Anne Lamott is best known to me as the author of the popular writers’ how-to Bird by Bird (which I own but have never read). Since everyone praises Lamott’s writerly insight and instruction so highly, I was surprised at the clumsy pacing and strangely unaffecting prose in her own fiction. The story covers more than four years in less than three hundred pages, and though this is not necessarily a problem, the way she does it is; half a year zips by in one paragraph, and then five or six pages are devoted to a throwaway scene that contains no crucial information. Mattie often comments with bemusement on how months fly with preternatural speed, and that, in late October, “it should have been March 23”; it’s a sentiment the reader can sympathize with. There is no compelling reason for the story to encompass such a large chunk of time, anyway, which makes the awkwardly handled time travel even more inexplicable. Because Mattie is deeply religious, the prose is saturated with wry, rueful conversations with God, and Erma-Bombeck-esque (i.e., not funny) housewife humor about the vexations of raising kids. If saccharine religious earnestness isn’t your bag, you’ll never be able to get through this; I had to take it in fifty-page sittings to avoid throwing up.

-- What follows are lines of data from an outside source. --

lemma Phi_eq_uminus_iff:
  assumes "y \<in> K0 ps"
  shows "Phi ps y = (\<lambda>u. - y u) \<longleftrightarrow> (\<forall>w\<in>K0 ps. euler ps w y = euler ps y w)"
proof
  assume "Phi ps y = (\<lambda>u. - y u)"
  then show "\<forall>w\<in>K0 ps. euler ps w y = euler ps y w"
    using euler_Phi_right[of _ ps y] by (simp add: euler_uminus_right)
next
  assume "\<forall>w\<in>K0 ps. euler ps w y = euler ps y w"
  moreover have "(\<lambda>u. - y u) \<in> K0 ps" using assms by (simp add: K0_def)
  ultimately show "Phi ps y = (\<lambda>u. - y u)"
    by (simp add: Phi_eqI euler_uminus_right)
qed

lemma euler_one_plus_Phi_eq_zero_iff:
  assumes "y \<in> K0 ps"
  shows "(\<forall>x\<in>K0 ps. euler ps y (\<lambda>u. x u + Phi ps x u) = 0)
    \<longleftrightarrow> (\<forall>w\<in>K0 ps. euler ps w y = euler ps y w)"
  using assms by (auto simp: euler_add_right euler_Phi_right)

lemma cls_s0_in_K0: "cls_s0 \<in> K0 ps"
  by (simp add: K0_def cls_s0_def)

lemma Phi_cls_s0: "Phi ps cls_s0 = cls_s0"
proof (rule Phi_eqI[OF cls_s0_in_K0], intro ballI)
  fix w
  have "euler ps w cls_s0 = cartan_transp ps w LC - cartan_transp ps w LZero"
    by (simp add: euler_eq_sum_cartan_transp sum_lidx_set cls_s0_def)
  moreover have "euler ps cls_s0 w = cartan ps w LC - cartan ps w LZero"
    by (simp add: euler_eq_sum_cartan sum_lidx_set cls_s0_def)
  ultimately show "euler ps w cls_s0 = - euler ps cls_s0 w"
    by (simp add: cartan_LC cartan_LZero cartan_transp_LC cartan_transp_LZero)
qed

lemma rk_eq_zero_if_Phi_eq_uminus:
  assumes "y \<in> K0 ps" "Phi ps y = (\<lambda>u. - y u)"
  shows "rk ps y = 0"
proof -
  have "rk ps y = euler ps y (Phi ps cls_s0)"
    by (simp add: rk_def Phi_cls_s0)
  also have "\<dots> = - euler ps cls_s0 y"
    using assms(1) by (rule euler_Phi_right)
  also have "\<dots> = - rk ps y"
    using assms cls_s0_in_K0 by (simp add: Phi_eq_uminus_iff rk_def)
  finally show ?thesis by simp
qed

lemma euler_funpow_Phi_left:
  assumes "y \<in> K0 ps" "Phi ps y = (\<lambda>u. - y u)"
  shows "euler ps ((Phi ps ^^ j) x) y = (- 1) ^ j * euler ps x y"
proof (induction j)
  case (Suc j)
  have "euler ps (Phi ps ((Phi ps ^^ j) x)) y = - euler ps (Phi ps ((Phi ps ^^ j) x)) (Phi ps y)"
    using assms(2) by (simp add: euler_uminus_right)
  also have "\<dots> = - euler ps ((Phi ps ^^ j) x) y"
    using assms(1) by (simp add: euler_Phi_Phi)
  finally show ?case using Suc.IH by simp
qed simp

lemma cartan_eq_cartan_transp_if_Phi_eq_uminus:
  assumes "y \<in> K0 ps" "Phi ps y = (\<lambda>u. - y u)"
  shows "cartan ps y u = cartan_transp ps y u"
  using assms basis_vec_in_K0[of u ps] euler_basis_vec_left[of u ps] euler_basis_vec_right[of u ps]
  by (cases "u \<in> lidx_set ps") (auto simp: Phi_eq_uminus_iff cartan_def cartan_transp_def)

lemma anti_invariant_corners:
  assumes "y \<in> K0 ps" "Phi ps y = (\<lambda>u. - y u)"
  shows "2 * y LZero + (\<Sum>i<length ps. \<Sum>m = 1..<ps ! i. y (LPt i m)) = 0"
    and "y LC = y LZero"
  using cartan_eq_cartan_transp_if_Phi_eq_uminus[OF assms, of LC]
    cartan_eq_cartan_transp_if_Phi_eq_uminus[OF assms, of LZero]
  by (simp_all add: cartan_LC cartan_LZero cartan_transp_LC cartan_transp_LZero)

lemma anti_invariant_arm:
  assumes "y \<in> K0 ps" "Phi ps y = (\<lambda>u. - y u)" "LPt i l \<in> lidx_set ps"
  shows "(\<Sum>m = l..<ps ! i. y (LPt i m)) = (\<Sum>m = 1..l. y (LPt i m))"
  using cartan_eq_cartan_transp_if_Phi_eq_uminus[OF assms(1,2), of "LPt i l"]
    anti_invariant_corners(2)[OF assms(1,2)] assms(3)
  by (simp add: cartan_LPt cartan_transp_LPt)

lemma sum_eq_zero_if_suffix_sums_eq_prefix_sums:
  fixes Y :: "nat \<Rightarrow> 'a::ab_group_add"
  assumes "odd q" and suffix_eq_prefix: "\<And>l. 1 \<le> l \<Longrightarrow> l < q \<Longrightarrow> sum Y {l..<q} = sum Y {1..l}"
  shows "sum Y {1..<q} = 0"
proof -
  have pair: "Y l + Y (Suc l) = 0" if "1 \<le> l" "Suc l < q" for l
  proof -
    have "sum Y {l..<q} = Y l + sum Y {Suc l..<q}"
      using that by (simp add: sum.atLeast_Suc_lessThan)
    moreover have "sum Y {1..Suc l} = sum Y {1..l} + Y (Suc l)"
      using that by simp
    ultimately show ?thesis
      using suffix_eq_prefix[of l] suffix_eq_prefix[of "Suc l"] that by (simp add: algebra_simps)
  qed
  have "sum Y {1..<2 * n + 1} = 0" if "2 * n + 1 \<le> q" for n
    using that
  proof (induction n)
    case (Suc n)
    have "sum Y {1..<2 * Suc n + 1} = sum Y {1..<2 * n + 1} + (Y (2 * n + 1) + Y (Suc (2 * n + 1)))"
      by (simp add: sum.atLeastLessThan_Suc add.assoc)
    with Suc show ?case using pair[of "2 * n + 1"] by simp
  qed simp
  moreover obtain n where "q = 2 * n + 1" using \<open>odd q\<close> oddE by blast
  ultimately show ?thesis by simp
qed

lemma euler_cls_a_eq_zero_if_odd:
  assumes "y \<in> K0 ps" "Phi ps y = (\<lambda>u. - y u)" "odd (Lcm (set ps))"
  shows "euler ps cls_a y = 0"
proof -
  have "(\<Sum>m = 1..<ps ! i. y (LPt i m)) = 0" if "i < length ps" for i
  proof (rule sum_eq_zero_if_suffix_sums_eq_prefix_sums)
    have "ps ! i dvd Lcm (set ps)"
      using that by (simp add: dvd_Lcm)
    then show "odd (ps ! i)"
      using assms(3) dvd_trans by blast
  next
    fix l assume "1 \<le> l" "l < ps ! i"
    with that show "(\<Sum>m = l..<ps ! i. y (LPt i m)) = (\<Sum>m = 1..l. y (LPt i m))"
      by (simp add: anti_invariant_arm[OF assms(1,2)])
  qed
  then have "y LZero = 0"
    using anti_invariant_corners(1)[OF assms(1,2)] by simp
  moreover have "euler ps cls_a y = cartan ps y LZero"
    by (simp add: euler_eq_sum_cartan sum_lidx_set cls_a_def)
  ultimately show ?thesis
    using anti_invariant_corners[OF assms(1,2)] by (simp add: cartan_LZero)
qed

lemma sum_neg_one_power_even:
  assumes "even n"
  shows "(\<Sum>j<n. (- 1 :: 'a::ring_1) ^ j) = 0"
proof -
  obtain k where "n = 2 * k" using assms by blast
  moreover have "(\<Sum>j<2 * k. (- 1 :: 'a) ^ j) = 0"
    by (induction k) (simp_all add: sum.lessThan_Suc)
  ultimately show ?thesis by simp
qed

This is by no means a page-turner; the ending is obvious from a couple hundred pages away. Blue Shoe is supposed to be one of those novels where the pleasure lies not in the end but in the journey; alas, the journey’s not much fun either. Mattie is a not-overly-intelligent, blandly religious protagonist, simultaneously resentful of and dependent on the neediness of her family; her character is well-developed without being interesting in any way. Blue Shoe attempts to glorify the extremely ordinary life of an extremely ordinary character; but why such a thoroughly unremarkable existence merits such veneration is unclear. If you have a lucky charm that you find effective, you might consider forwarding it to Anne Lamott; blue shoes don’t seem to be working out too well for her.